BASF und Polyera entwickeln neuartige Halbleiter

Die BASF Future Business GmbH, Ludwigshafen, erweitert ihr Technologieportfolio und Kooperationsnetzwerk im Bereich gedruckter Elektronik und startet hierzu eine Kooperation mit der amerikanischen Firma Polyera Corporation, Illinois.
Ziel ist die Entwicklung und Vermarktung neuartiger organischer Halbleiter und Dielektrika zur Herstellung gedruckter CMOS-analoger Schaltungen. Für die Entwicklung der Materialien und die Realisierung eines Prototypen einer gedruckten CMOS-Schaltung wird mit einem Zeitbedarf von drei Jahren gerechnet.

Seit ihrer Entwicklung in den 60er Jahren, haben sich CMOS-Schaltungen zur dominierenden Technologie in der Mikroelektronik entwickelt. Herkömmliche CMOS-Schaltungen basieren auf anorganischen Materialien und werden in sehr aufwändigen Prozessen gefertigt.

Organische Materialsysteme ermöglichen es, CMOS-Schaltungen auf flexible Substrate zu drucken. Das macht organische CMOS-Schaltungen kostengünstiger und einfacher in der Produktion als herkömmliche CMOS-Schaltungen. Gedruckte organische Elektronik wird dadurch in der Lage sein, neue Märkte zu eröffnen, die für konventionelle Elektronik nicht zugänglich sind. Das Marktvolumen für gedruckte organische Elektronik wird nach Abschätzung des Marktforschungsunternehmens IDTechEx, Cambridge, U.K., von heute etwa 3 Milliarden Euro auf über 30 Milliarden Euro im Jahr 2015 wachsen. Typische Anwendungsgebiete werden in der Herstellung von RFID-tags (über Radiowellen identifizierbare Etiketten), Speicherbausteinen oder flexiblen Displays (elektronisches Papier) liegen.

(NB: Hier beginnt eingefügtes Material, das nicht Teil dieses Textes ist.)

(* For $\lambda\in\{1,2\}$, the $\Gamma_2$-contractions $(M_{s_1},M_{s_2})|_{\mathbb A^{(\lambda)}_{\rm triv}(\mathbb D^2)}$ and $(M_{s_1},M_{s_2})|_{\mathbb A^{(\lambda)}_{\rm sign}(\mathbb D^2)}$ are not similar, i.e. there is no bounded invertible operator $X:\mathbb A^{(\lambda)}_{\rm triv}(\mathbb D^2)\to\mathbb A^{(\lambda)}_{\rm sign}(\mathbb D^2)$ with $XM_{s_i}=M_{s_i}X$ for $i=1,2$.
   Context: $s_1=z_1+z_2$, $s_2=z_1z_2$; $\Gamma_2=\{(z_1+z_2,z_1z_2):z\in\overline{\mathbb D}^2\}$ and a $\Gamma_2$-contraction is a commuting pair having $\Gamma_2$ as a spectral set. $\mathbb A^{(2)}(\mathbb D^2)$ is the Bergman space of $\mathbb D^2$ (kernel $\prod_i(1-z_i\bar w_i)^{-2}$) and $\mathbb A^{(1)}(\mathbb D^2)=H^2(\mathbb D^2)$ the Hardy space (kernel $\prod_i(1-z_i\bar w_i)^{-1}$). $\mathbb A^{(\lambda)}_{\rm triv}(\mathbb D^2)$ and $\mathbb A^{(\lambda)}_{\rm sign}(\mathbb D^2)$ are the subspaces of symmetric, respectively antisymmetric, functions under $(z_1,z_2)\mapsto(z_2,z_1)$. *)

theory Defs
  imports "HOL-Analysis.Analysis"
begin

definition bidisc :: "(complex \<times> complex) set" where
  "bidisc = {z. norm (fst z) < 1 \<and> norm (snd z) < 1}"

text \<open>Norm weights of the space with reproducing kernel prod_i (1 - z_i conj w_i)^(-lam):
  the squared norm of the monomial z1^m z2^n is 1 / (C(m+lam-1,m) * C(n+lam-1,n)).
  lam = 1: Hardy space H^2(D^2); lam = 2: Bergman space of D^2.\<close>
definition wt :: "nat \<Rightarrow> nat \<times> nat \<Rightarrow> real" where
  "wt lam = (\<lambda>(m, n). 1 / (real ((m + lam - 1) choose m) * real ((n + lam - 1) choose n)))"

definition is_coeff :: "nat \<Rightarrow> (complex \<times> complex \<Rightarrow> complex) \<Rightarrow> (nat \<times> nat \<Rightarrow> complex) \<Rightarrow> bool" where
  "is_coeff lam f a \<longleftrightarrow>
     (\<lambda>k. wt lam k * (cmod (a k))\<^sup>2) summable_on UNIV \<and>
     (\<forall>z \<in> bidisc. ((\<lambda>(m, n). a (m, n) * fst z ^ m * snd z ^ n) has_sum f z) UNIV) \<and>
     (\<forall>z. z \<notin> bidisc \<longrightarrow> f z = 0)"

definition Aspace :: "nat \<Rightarrow> (complex \<times> complex \<Rightarrow> complex) set" where
  "Aspace lam = {f. \<exists>a. is_coeff lam f a}"

definition hnorm :: "nat \<Rightarrow> (complex \<times> complex \<Rightarrow> complex) \<Rightarrow> real" where
  "hnorm lam f = sqrt (infsum (\<lambda>k. wt lam k * (cmod ((SOME a. is_coeff lam f a) k))\<^sup>2) UNIV)"

definition Atriv :: "nat \<Rightarrow> (complex \<times> complex \<Rightarrow> complex) set" where
  "Atriv lam = {f \<in> Aspace lam. \<forall>z1 z2. f (z2, z1) = f (z1, z2)}"

definition Asign :: "nat \<Rightarrow> (complex \<times> complex \<Rightarrow> complex) set" where
  "Asign lam = {f \<in> Aspace lam. \<forall>z1 z2. f (z2, z1) = - f (z1, z2)}"

definition M_s1 :: "(complex \<times> complex \<Rightarrow> complex) \<Rightarrow> (complex \<times> complex \<Rightarrow> complex)" where
  "M_s1 f = (\<lambda>z. (fst z + snd z) * f z)"

definition M_s2 :: "(complex \<times> complex \<Rightarrow> complex) \<Rightarrow> (complex \<times> complex \<Rightarrow> complex)" where
  "M_s2 f = (\<lambda>z. (fst z * snd z) * f z)"

definition bounded_op :: "nat \<Rightarrow> (complex \<times> complex \<Rightarrow> complex) set \<Rightarrow> (complex \<times> complex \<Rightarrow> complex) set
    \<Rightarrow> ((complex \<times> complex \<Rightarrow> complex) \<Rightarrow> (complex \<times> complex \<Rightarrow> complex)) \<Rightarrow> bool" where
  "bounded_op lam S T X \<longleftrightarrow>
     (\<forall>f \<in> S. X f \<in> T) \<and>
     (\<forall>f \<in> S. \<forall>g \<in> S. X (\<lambda>z. f z + g z) = (\<lambda>z. X f z + X g z)) \<and>
     (\<forall>f \<in> S. \<forall>c. X (\<lambda>z. c * f z) = (\<lambda>z. c * X f z)) \<and>
     (\<exists>C. \<forall>f \<in> S. hnorm lam (X f) \<le> C * hnorm lam f)"

end

theory Submission
  imports Defs "HOL-Complex_Analysis.Cauchy_Integral_Formula"
begin

text \<open>Let \<open>X\<close> be an invertible operator from \<open>A\<^sub>t\<^sub>r\<^sub>i\<^sub>v\<close> to \<open>A\<^sub>s\<^sub>i\<^sub>g\<^sub>n\<close> commuting with
  \<open>M\<^sub>s\<^sub>1, M\<^sub>s\<^sub>2\<close>, with inverse \<open>Y\<close>, and put \<open>h = Y (z\<^sub>1 - z\<^sub>2)\<close>.
  Since \<open>z\<^sub>1\<^sup>n\<^sup>+\<^sup>1 - z\<^sub>2\<^sup>n\<^sup>+\<^sup>1 = h\<^sub>n (z\<^sub>1 - z\<^sub>2)\<close> with \<open>h\<^sub>n = \<Sum>\<^sub>k\<^sub>+\<^sub>l\<^sub>=\<^sub>n z\<^sub>1\<^sup>k z\<^sub>2\<^sup>l\<close> a polynomial
  in \<open>s\<^sub>1, s\<^sub>2\<close>, \<open>Y\<close> maps \<open>z\<^sub>1\<^sup>n\<^sup>+\<^sup>1 - z\<^sub>2\<^sup>n\<^sup>+\<^sup>1\<close> to \<open>h\<^sub>n h\<close>, all of whose coefficients of total
  degree \<open>n\<close> equal \<open>h (0, 0)\<close>. This value is nonzero: otherwise \<open>h = s\<^sub>1 f\<^sub>1 + s\<^sub>2 f\<^sub>2\<close> with
  symmetric \<open>f\<^sub>i\<close>, and \<open>z\<^sub>1 - z\<^sub>2 = s\<^sub>1 X f\<^sub>1 + s\<^sub>2 X f\<^sub>2\<close> would have no linear term because the
  antisymmetric \<open>X f\<^sub>1\<close> vanishes at the origin. Hence the squared norm of \<open>h\<^sub>n h\<close> is at
  least \<open>\<bar>h (0, 0)\<bar>\<^sup>2 \<Sum>\<^sub>k\<^sub>+\<^sub>l\<^sub>=\<^sub>n \<parallel>z\<^sub>1\<^sup>k z\<^sub>2\<^sup>l\<parallel>\<^sup>2\<close>, while that of \<open>z\<^sub>1\<^sup>n\<^sup>+\<^sup>1 - z\<^sub>2\<^sup>n\<^sup>+\<^sup>1\<close> is
  \<open>\<parallel>z\<^sub>1\<^sup>n\<^sup>+\<^sup>1\<parallel>\<^sup>2 + \<parallel>z\<^sub>2\<^sup>n\<^sup>+\<^sup>1\<parallel>\<^sup>2\<close>. For \<open>lam \<in> {1, 2}\<close> the quotient grows at least like the
  harmonic numbers, so \<open>Y\<close> is unbounded. Only this last estimate needs \<open>lam \<le> 2\<close>.\<close>

section \<open>Weights\<close>

lemma binomial_add_le_power_mult:
  "(m + i + L choose L) \<le> (i + 1) ^ L * (m + L choose L)"
proof (induction L)
  case 0
  then show ?case by simp
next
  case (Suc L)
  have "Suc L * (m + i + Suc L choose Suc L) = Suc (m + i + L) * (m + i + L choose L)"
    using Suc_times_binomial[of L "m + i + L"] by simp
  also have "\<dots> \<le> ((i + 1) * Suc (m + L)) * ((i + 1) ^ L * (m + L choose L))"
    by (intro mult_mono Suc.IH) (auto simp: algebra_simps)
  also have "\<dots> = (i + 1) ^ Suc L * (Suc (m + L) * (m + L choose L))"
    by (simp add: algebra_simps)
  also have "\<dots> = Suc L * ((i + 1) ^ Suc L * (m + Suc L choose Suc L))"
    unfolding add_Suc_right Suc_times_binomial[of L "m + L", symmetric] by (simp only: mult_ac)
  finally show ?case by (simp only: Suc_mult_le_cancel1)
qed

lemma wt_swap: "wt lam (prod.swap k) = wt lam k"
  by (cases k) (simp add: wt_def)

lemma wt_nonneg: "0 \<le> wt lam k"
  by (auto simp: wt_def split: prod.splits)

lemma wt_eq:
  assumes "0 < lam"
  shows "wt lam (m, n) = 1 / (real (m + (lam - 1) choose (lam - 1)) * real (n + (lam - 1) choose (lam - 1)))"
  using assms binomial_symmetric[of m "m + (lam - 1)"] binomial_symmetric[of n "n + (lam - 1)"]
  by (simp add: wt_def)
lemma Rmat_carrier: "Rmat n \<in> carrier_mat (2*n) (2*n)"
  by (simp add: Rmat_def)

lemma index_mult_Rmat:
  assumes A: "A \<in> carrier_mat k (2*n)" and i: "i < k" and j: "j < 2*n"
  shows "(A * Rmat n) $$ (i, j) = A $$ (i, 2*n - 1 - j)"
proof -
  have "(A * Rmat n) $$ (i, j) = (\<Sum>p<2*n. A $$ (i, p) * Rmat n $$ (p, j))"
    using A i j by (simp add: Rmat_def scalar_prod_def lessThan_atLeast0)
  also have "\<dots> = (\<Sum>p<2*n. if p = 2*n - 1 - j then A $$ (i, p) else 0)"
    using j by (intro sum.cong) (auto simp: Rmat_def)
  also have "\<dots> = A $$ (i, 2*n - 1 - j)" using j by simp
  finally show ?thesis .
qed

lemma Rmat_squared: "Rmat n * Rmat n = 1\<^sub>m (2*n)"
proof (rule eq_matI)
  fix i j assume i: "i < dim_row (1\<^sub>m (2*n))" and j: "j < dim_col (1\<^sub>m (2*n))"
  then have "(Rmat n * Rmat n) $$ (i, j) = Rmat n $$ (i, 2*n - 1 - j)"
    using index_mult_Rmat[OF Rmat_carrier] by simp
  also have "\<dots> = 1\<^sub>m (2*n) $$ (i, j)" using i j by (auto simp: Rmat_def)
  finally show "(Rmat n * Rmat n) $$ (i, j) = 1\<^sub>m (2*n) $$ (i, j)" .
qed (auto simp: Rmat_def)

lemma Sp_transpose:
  assumes "R \<in> Sp n"
  shows "R * Rmat n * transpose_mat R = Rmat n"
  using assms Rmat_carrier Rmat_squared by (auto simp: Sp_def intro: transpose_preserves_form)

lemma Sp_row_unit_imp_col_unit:
  assumes R: "R \<in> Sp n" and i: "i < 2*n" and row_i: "row R i = unit_vec (2*n) i"
  shows "col R (2*n - 1 - i) = unit_vec (2*n) (2*n - 1 - i)"
proof (rule eq_vecI)
  have Rc: "R \<in> carrier_mat (2*n) (2*n)" using R by (simp add: Sp_def)
  fix a assume "a < dim_vec (unit_vec (2*n) (2*n - 1 - i))"
  then have a: "a < 2*n" by simp
  have "Rmat n $$ (a, i) = (R * Rmat n * transpose_mat R) $$ (a, i)"
    using Sp_transpose[OF R] by simp
  also have "\<dots> = row (R * Rmat n) a \<bullet> row R i"
    using Rc a i Rmat_carrier by simp
  also have "\<dots> = (R * Rmat n) $$ (a, i)"
    using Rc a i Rmat_carrier[of n] row_i by simp
  also have "\<dots> = R $$ (a, 2*n - 1 - i)"
    using index_mult_Rmat[OF Rc a i] .
  finally show "col R (2*n - 1 - i) $ a = unit_vec (2*n) (2*n - 1 - i) $ a"
    using Rc a i by (auto simp: Rmat_def split: if_splits)
qed (use R in \<open>auto simp: Sp_def\<close>)

lemma PiMat_carrier: "PiMat m n r \<alpha> \<beta> \<in> carrier_mat m (2*n)"
  by (simp add: PiMat_def)

lemma index_PiMat_row:
  assumes inj: "inj_on \<alpha> {1..r}" and k: "k \<in> {1..r}" and \<alpha>k: "\<alpha> k \<in> {1..m}" and j: "j < 2*n"
  shows "PiMat m n r \<alpha> \<beta> $$ (\<alpha> k - 1, j) = (if \<beta> k = j + 1 then 1 else 0)"
proof -
  have "PiMat m n r \<alpha> \<beta> $$ (\<alpha> k - 1, j) =
      (\<Sum>k'\<in>{1..r}. if \<alpha> k' = \<alpha> k - 1 + 1 \<and> \<beta> k' = j + 1 then 1 else 0)"
    using \<alpha>k j by (simp add: PiMat_def del: atLeastAtMost_iff) auto
  also have "\<dots> = (\<Sum>k'\<in>{1..r}. if k' = k then (if \<beta> k = j + 1 then 1 else 0) else 0)"
    using \<alpha>k k inj by (intro sum.cong) (auto dest: inj_onD)
  also have "\<dots> = (if \<beta> k = j + 1 then 1 else 0)" using k by simp
  finally show ?thesis .
qed
lemma f1_commuting_proportional:
  assumes x: "x \<in> f1 r" and y: "y \<in> f1 r" and "tbr x y = 0" and "x \<noteq> 0"
  shows "\<exists>c. y = csc c x"
proof -
  obtain w where "x w \<noteq> 0"
    using \<open>x \<noteq> 0\<close> by (auto simp: fun_eq_iff)
  then obtain a where a: "x [a] \<noteq> 0"
    using f1_vanishes_off_letters[OF x] by (metis (full_types))
  have minor: "x [a] * y [b] = y [a] * x [b]" for b
  proof -
    have "\<And>p v. p \<in> f1 r \<Longrightarrow> length v \<noteq> 1 \<Longrightarrow> p v = 0"
      by (rule f1_vanishes_off_letters) auto
    then have "tbr x y [a, b] = x [a] * y [b] - y [a] * x [b]"
      using x y by (simp add: tbr_def tmul_length2)
    then show ?thesis
      using \<open>tbr x y = 0\<close> by simp
  qed
  define c where "c = y [a] / x [a]"
  have "y v = c * x v" for v
  proof (cases "\<exists>b<r. v = [b]")
    case True
    then obtain b where "v = [b]"
      by blast
    then show ?thesis
      using minor[of b] a by (simp add: c_def field_simps)
  next
    case False
    then show ?thesis
      using f1_vanishes_off_letters[OF x False] f1_vanishes_off_letters[OF y False] by simp
  qed
  then have "y = csc c x"
    by (simp add: fun_eq_iff)
  then show ?thesis ..
qed
(* (a) Let $n\ge3$ be odd, $a_0,\dots,a_{n-1}\in\mathbb{R}$ with $a_0<0$, $a_k>0$ for $k\ne0$, and $a_0+a_2<0$, and let $\mathcal A(x)=\det(xI-A')$ where $A'$ is the $n\times n$ matrix with $(A')_{j,j+1}=a_{j+1}$, $(A')_{j,j-1}=-a_{j-1}$ (indices mod $n$), other entries zero. Then there exists $x_2^*>\sqrt{-a_1(a_0+a_2)}$ with $\mathcal A(x_2^* )=0$. (b) Let $\alpha\le-1$, $\beta\ge1$ be integers and $a_k\in\mathbb{R}$ for $\alpha\le k\le\max(\beta,2)$ with $a_0<0$, $a_k>0$ for $k\ne0$, and $a_0+a_2<0$; let $\mathcal T_\alpha^\beta(x)=\det(xI-M)$ where $M$ is indexed by $\alpha,\dots,\beta$ with $M_{j,j+1}=a_{j+1}$, $M_{j,j-1}=-a_{j-1}$, other entries zero. Then there exists $x_1^*>\sqrt{-a_1(a_0+a_2)}$ with $\mathcal T_\alpha^\beta(x_1^* )=0$. *)

theory Defs
  imports Complex_Main "Jordan_Normal_Form.Determinant"
begin

definition cyc_mat :: "nat \<Rightarrow> (nat \<Rightarrow> real) \<Rightarrow> real mat" where
  "cyc_mat n a = mat n n (\<lambda>(j, c).
     if c = (j + 1) mod n then a c
     else if (c + 1) mod n = j then - a c
     else 0)"

text \<open>The tridiagonal matrix M indexed by alpha..beta; matrix position i corresponds
  to index alpha + i.  Entry (j, j+1) = a(j+1), entry (j, j-1) = - a(j-1).\<close>
definition tri_mat :: "int \<Rightarrow> int \<Rightarrow> (int \<Rightarrow> real) \<Rightarrow> real mat" where
  "tri_mat \<alpha> \<beta> a = mat (nat (\<beta> - \<alpha> + 1)) (nat (\<beta> - \<alpha> + 1)) (\<lambda>(i, l).
     let j = \<alpha> + int i; c = \<alpha> + int l in
     if c = j + 1 then a c
     else if c = j - 1 then - a c
     else 0)"

definition charp :: "real mat \<Rightarrow> real \<Rightarrow> real" where
  "charp B x = det (x \<cdot>\<^sub>m 1\<^sub>m (dim_row B) - B)"

end

theory Submission
  imports Defs
begin

text \<open>With q_j = -a_j a_(j+1), both characteristic polynomials are continuants, built
  from the recurrence K_(k+2) = x K_(k+1) - q K_k.  For x > 0 a block whose q's are all \<le> 0
  (one avoiding index 0, the only place where a is negative) is positive and grows with its
  length.  At x0 = sqrt (-a_1 (a_0 + a_2)) one has x0^2 + a_1 a_2 = -a_0 a_1, which makes the block
  starting with q = -a_0 a_1 nonpositive; expanding the whole polynomial around that block shows
  that it is negative at x0, while it is positive for large x.  For odd n the two corner
  products of the cyclic matrix cancel, leaving a continuant minus a positive multiple of a
  shorter one.  The intermediate value theorem gives the root.\<close>

fun continuant :: "(nat \<Rightarrow> nat \<Rightarrow> 'a :: comm_ring_1) \<Rightarrow> nat \<Rightarrow> 'a" where
  "continuant F 0 = 1"
| "continuant F (Suc 0) = F 0 0"
| "continuant F (Suc (Suc k)) =
     F (Suc k) (Suc k) * continuant F (Suc k) - F (Suc k) k * F k (Suc k) * continuant F k"

lemma det_tridiagonal:
  fixes F :: "nat \<Rightarrow> nat \<Rightarrow> 'a :: comm_ring_1"
  assumes "\<And>i j. i < k \<Longrightarrow> j < k \<Longrightarrow> Suc i < j \<or> Suc j < i \<Longrightarrow> F i j = 0"
  shows "det (mat k k (\<lambda>(i, j). F i j)) = continuant F k"
  using assms
proof (induction F k rule: continuant.induct)
  case (1 F)
  then show ?case by simp
next
  case (2 F)
  have "det (mat 1 1 (\<lambda>(i, j). F i j)) = (\<Sum>j<1. F 0 j * cofactor (mat 1 1 (\<lambda>(i, j). F i j)) 0 j)"
    by (subst laplace_expansion_row[of _ 1 0]) auto
  then show ?case by (simp add: cofactor_def mat_delete_def)
next
  case (3 F k)
  define A where "A = mat (Suc (Suc k)) (Suc (Suc k)) (\<lambda>(i, j). F i j)"
  have "det A = (\<Sum>j<Suc (Suc k). A $$ (Suc k, j) * cofactor A (Suc k) j)"
    by (rule laplace_expansion_row) (auto simp: A_def)
  also have "\<dots> = (\<Sum>j\<in>{k, Suc k}. A $$ (Suc k, j) * cofactor A (Suc k) j)"
    by (rule sum.mono_neutral_right) (auto simp: A_def "3.prems")
  finally have row: "det A = A $$ (Suc k, k) * cofactor A (Suc k) k
      + A $$ (Suc k, Suc k) * cofactor A (Suc k) (Suc k)" by simp
  have minor_diag: "mat_delete A (Suc k) (Suc k) = mat (Suc k) (Suc k) (\<lambda>(i, j). F i j)"
    by (rule eq_matI) (auto simp: A_def mat_delete_def)
  have minor_sub: "det (mat_delete A (Suc k) k) = F k (Suc k) * continuant F k"
  proof -
    define C where "C = mat_delete A (Suc k) k"
    have "det C = (\<Sum>i<Suc k. C $$ (i, k) * cofactor C i k)"
      by (rule laplace_expansion_column) (auto simp: C_def A_def mat_delete_def)
    also have "\<dots> = (\<Sum>i\<in>{k}. C $$ (i, k) * cofactor C i k)"
      by (rule sum.mono_neutral_right) (auto simp: C_def A_def mat_delete_def "3.prems")
    finally have "det C = C $$ (k, k) * cofactor C k k" by simp
    moreover have "mat_delete C k k = mat k k (\<lambda>(i, j). F i j)"
      by (rule eq_matI) (auto simp: C_def A_def mat_delete_def)
    ultimately show ?thesis
      by (simp add: cofactor_def "3.IH"(2) "3.prems" C_def A_def mat_delete_def)
  qed
  show ?case
    using row unfolding A_def[symmetric] cofactor_def minor_diag minor_sub
    by (simp add: "3.IH"(1) "3.prems" A_def algebra_simps)
qed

„Polyera verfügt über umfangreiches Wissen im Design und zur Herstellung von Halbleitern und Dielektrika, sowie zur Physik von Transistoren. Damit ergänzt Polyera hervorragend die Kompetenz, die BASF intern und im Rahmen weiterer Kooperationen auf diesem Gebiet aufgebaut hat“, sagt Dr. Peter Eckerle, Projektleiter bei der BASF Future Business. „Wir sind damit sehr gut positioniert, um überlegene neue Materialsysteme zu entwickeln und den wachsenden Bedarf des Marktes zu decken.“

„Wir freuen uns auf die Zusammenarbeit mit BASF. Über die Verstärkung im Bereich der Erforschung neuartiger Materialsysteme hinaus ist die Kompetenz von BASF, Produkte schnell in größeren Mengen produzieren und in den Markt bringen zu können, für uns sehr wichtig. Das Fehlen geeigneter Materialien wird in der Industrie als eine der Hauptherausforderungen angesehen. Wir sind überzeugt, dass unsere Kooperation die Entwicklung gedruckter Elektronik ein großes Stück voran bringt.“, so Philippe Inagaki, Mitbegründer von Polyera Corporation.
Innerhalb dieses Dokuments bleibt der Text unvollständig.